LOS ANGELES -- The Los Angeles Dodgers are sparing no expense this postseason. In addition to a player payroll that set a National League record, they've beefed up their scouting efforts down to the most-minute detail.
They've had two scouts on every contending team in the National League since mid-September. Against the Atlanta Braves in the National League Division Series, those scouts -- Willie Fraser and John Sanders -- had daily meetings with the Dodgers coaches and, occasionally, with Dodgers players.
They continued to scout the Braves throughout the series, helping the Dodgers make game-by-game adjustments.
Typically, advance scouts file their reports and meet with coaches once before every series. The new approach will continue in the NLCS against the St. Louis Cardinals and, should that series go well, the World Series.
"As adaptations were needed, whether it was a hitter's positioning at the plate or a pitcher starting to lower his arm slot once in a while, it was duly noted," Dodgers general manager Ned Colletti said.
In many respects, the Pittsburgh Pirates would have been a better matchup for the Dodgers. Like the Braves, they hit home runs but also strike out frequently. The Cardinals have a deeper, more balanced lineup. They lead the league in runs and on-base percentage and had five players finish in the top 17 in the NL in OPS.
Dodgers manager Don Mattingly said that, when the Dodgers were in St. Louis in early August, they identified the Cardinals as the team to beat in the NL Central.
"They've got a good mix of everything," Mattingly said. "They've got a lot of good young players; they've got power arms in their bullpen; they've got power arms starting; they've got some veterans who hit the ball out of the ballpark."
Contract talks on hold
Colletti said there have been no recent discussions with Mattingly about his future beyond this season, which means the Dodgers have yet to pick up his 2014 option or sign him to a multi-year deal.

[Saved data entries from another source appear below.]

lemma has_real_derivative_inner_const:
  assumes "(f has_vector_derivative D) F"
  shows "((\<lambda>s. c \<bullet> f s) has_real_derivative c \<bullet> D) F"
proof -
  have "((\<lambda>s. c \<bullet> f s) has_derivative (\<lambda>h. c \<bullet> (h *\<^sub>R D))) F"
    using assms unfolding has_vector_derivative_def by (rule has_derivative_inner_right)
  moreover have "(\<lambda>h. c \<bullet> (h *\<^sub>R D)) = (*) (c \<bullet> D)"
    by (rule ext) (simp add: mult.commute)
  ultimately show ?thesis
    by (simp add: has_field_derivative_def)
qed

lemma negligible_image_if_derivative_zero:
  fixes f :: "real \<Rightarrow> real"
  assumes "\<And>t. t \<in> Z \<Longrightarrow> (f has_real_derivative 0) (at t within Z)"
  shows "negligible (f ` Z)"
proof -
  \<comment> \<open>baby_Sard is stated on real^'n, so f is transported to real^1\<close>
  define F :: "real^1 \<Rightarrow> real^1" where "F = (\<lambda>v. vec (f (v $ 1)))"
  define Z' :: "(real^1) set" where "Z' = (\<lambda>v. v $ 1) -` Z"
  have "negligible (F ` Z')"
  proof (rule baby_Sard[where f' = "\<lambda>_ _. 0"])
    fix v
    assume v: "v \<in> Z'"
    have "((\<lambda>v::real^1. v $ 1) has_derivative (\<lambda>h. h $ 1)) (at v within Z')"
      by (simp add: bounded_linear_imp_has_derivative bounded_linear_vec_nth)
    moreover have "(\<lambda>v::real^1. v $ 1) ` Z' = Z"
      unfolding Z'_def by (auto intro!: image_eqI[where x = "vec _"])
    moreover have "(f has_derivative (\<lambda>h. 0)) (at (v $ 1) within Z)"
      using assms[of "v $ 1"] v by (simp add: Z'_def has_field_derivative_def lambda_zero)
    ultimately have "((\<lambda>v::real^1. f (v $ 1)) has_derivative (\<lambda>h. 0)) (at v within Z')"
      using has_derivative_in_compose[of "\<lambda>v. v $ 1" "\<lambda>h. h $ 1" v Z' f "\<lambda>h. 0"] by simp
    then have "((\<lambda>v. vec (f (v $ 1)) :: real^1) has_derivative (\<lambda>h. vec 0)) (at v within Z')"
      by (rule bounded_linear.has_derivative[OF linear_conv_bounded_linear[THEN iffD1, OF linear_vec]])
    then show "(F has_derivative (\<lambda>_. 0)) (at v within Z')"
      by (simp add: F_def vec_0)
  next
    fix v :: "real^1"
    have "matrix (\<lambda>_::real^1. 0::real^1) = 0"
      by (simp add: matrix_def vec_eq_iff)
    then show "rank (matrix ((\<lambda>_ (_::real^1). 0::real^1) v)) < CARD(1)"
      by simp
  qed simp
  then have "negligible ((\<lambda>v::real^1. v $ 1) ` F ` Z')"
    by (intro negligible_differentiable_image_negligible[where f = "\<lambda>v. v $ 1"])
      (auto simp: differentiable_on_def intro!: bounded_linear_imp_differentiable)
  moreover have "(\<lambda>v::real^1. v $ 1) ` F ` Z' = f ` Z"
    unfolding F_def Z'_def by (auto simp: image_iff intro!: bexI[where x = "vec _"])
  ultimately show ?thesis
    by simp
qed

text \<open>The image of [a, b] is an interval, and it is negligible: Lipschitz maps preserve null sets,
  and Sard's lemma handles the points where the derivative vanishes.\<close>
lemma lipschitz_on_eq_if_AE_derivative_zero:
  fixes f :: "real \<Rightarrow> real"
  assumes "a \<le> b" and lip: "L-lipschitz_on {a..b} f"
    and der: "AE t in lborel. t \<in> {a..b} \<longrightarrow> (f has_real_derivative 0) (at t within {a..b})"
  shows "f b = f a"
proof -
  obtain N where N: "negligible N"
    and N': "\<And>t. t \<notin> N \<Longrightarrow> t \<in> {a..b} \<longrightarrow> (f has_real_derivative 0) (at t within {a..b})"
    using AE_lborel_negligibleE[OF der] by blast
  have "negligible (f ` ({a..b} \<inter> N))"
  proof (rule negligible_locally_Lipschitz_image)
    fix t
    assume "t \<in> {a..b} \<inter> N"
    then show "\<exists>U B. open U \<and> t \<in> U \<and> (\<forall>s\<in>{a..b} \<inter> N \<inter> U. norm (f s - f t) \<le> B * norm (s - t))"
      using lipschitz_onD[OF lip] by (intro exI[of _ UNIV] exI[of _ L]) (auto simp: dist_norm)
  qed (use N in \<open>auto simp: negligible_Int\<close>)
  moreover have "negligible (f ` ({a..b} - N))"
    using N' by (intro negligible_image_if_derivative_zero) (auto intro: DERIV_subset)
  moreover have "f ` {a..b} = f ` ({a..b} \<inter> N) \<union> f ` ({a..b} - N)"
    by auto
  ultimately have neg: "negligible (f ` {a..b})"
    by simp
  have conn: "connected (f ` {a..b})"
    by (intro connected_continuous_image lipschitz_on_continuous_on[OF lip]) simp
  have "\<not> f a < f b" "\<not> f b < f a"
    using negligible_subset[OF neg connected_contains_Icc[OF conn, of "f a" "f b"]]
      negligible_subset[OF neg connected_contains_Icc[OF conn, of "f b" "f a"]] \<open>a \<le> b\<close>
    by (auto simp: negligible_interval(1)[of "f a" "f b", unfolded cbox_interval box_real]
        negligible_interval(1)[of "f b" "f a", unfolded cbox_interval box_real])
  then show ?thesis
    by simp
qed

However, Colletti wouldn't rule out that something could happen this postseason.
"I don't sense he's worried about it, I'm not worried about it, and it's going to end up in a place where it should end up," Colletti said.
Mattingly said he didn't want to discuss his contract during the postseason.
Two days after starting Clayton Kershaw on three days' rest for the first time in Kershaw's career, Mattingly called it "an easy decision." However, he said he wouldn't likely use Zack Greinke on short rest.
Greinke will pitch Game 1, followed by Kershaw. Presumably, Greinke would then pitch Game 5 and Kershaw would go in Game 6, if they are necessary. If the Dodgers were willing to use Greinke on short rest, he could pitch Game 7, but that sounds unlikely. So, the Dodgers could be relying on Hyun-Jin Ryu, who struggled in his first postseason start, in the game that could decide their World Series fate.
"I think Clayton's just a different animal," Mattingly said. "As far as the physical side, he's had zero issues this year. Zack's had little stuff going back to spring training [his elbow], then the shoulder thing happen during the season. It just doesn't seem like the same thing."
Ryu gave up four runs and six hits in three innings of Game 3 on Sunday night. He looked a bit nervous, making two key fielding mistakes.
Both Mattingly and Colletti said they've been assured Ryu is healthy. Colletti said there have been no recent MRI exams or X-rays.
Andre Ethier's activities during Wednesday's workout were virtually the same as in each of the past few weeks. He took batting practice, but in damp, cool conditions, the Dodgers did not risk having him run to test his injured left shin by running the bases.
Mattingly said he's hopeful Ethier can do more than pinch hit at some point in the series. Ethier went 0-for-3 pinch hitting in the NLDS. His replacement in center field, Skip Schumaker, batted .231 in 13 at-bats.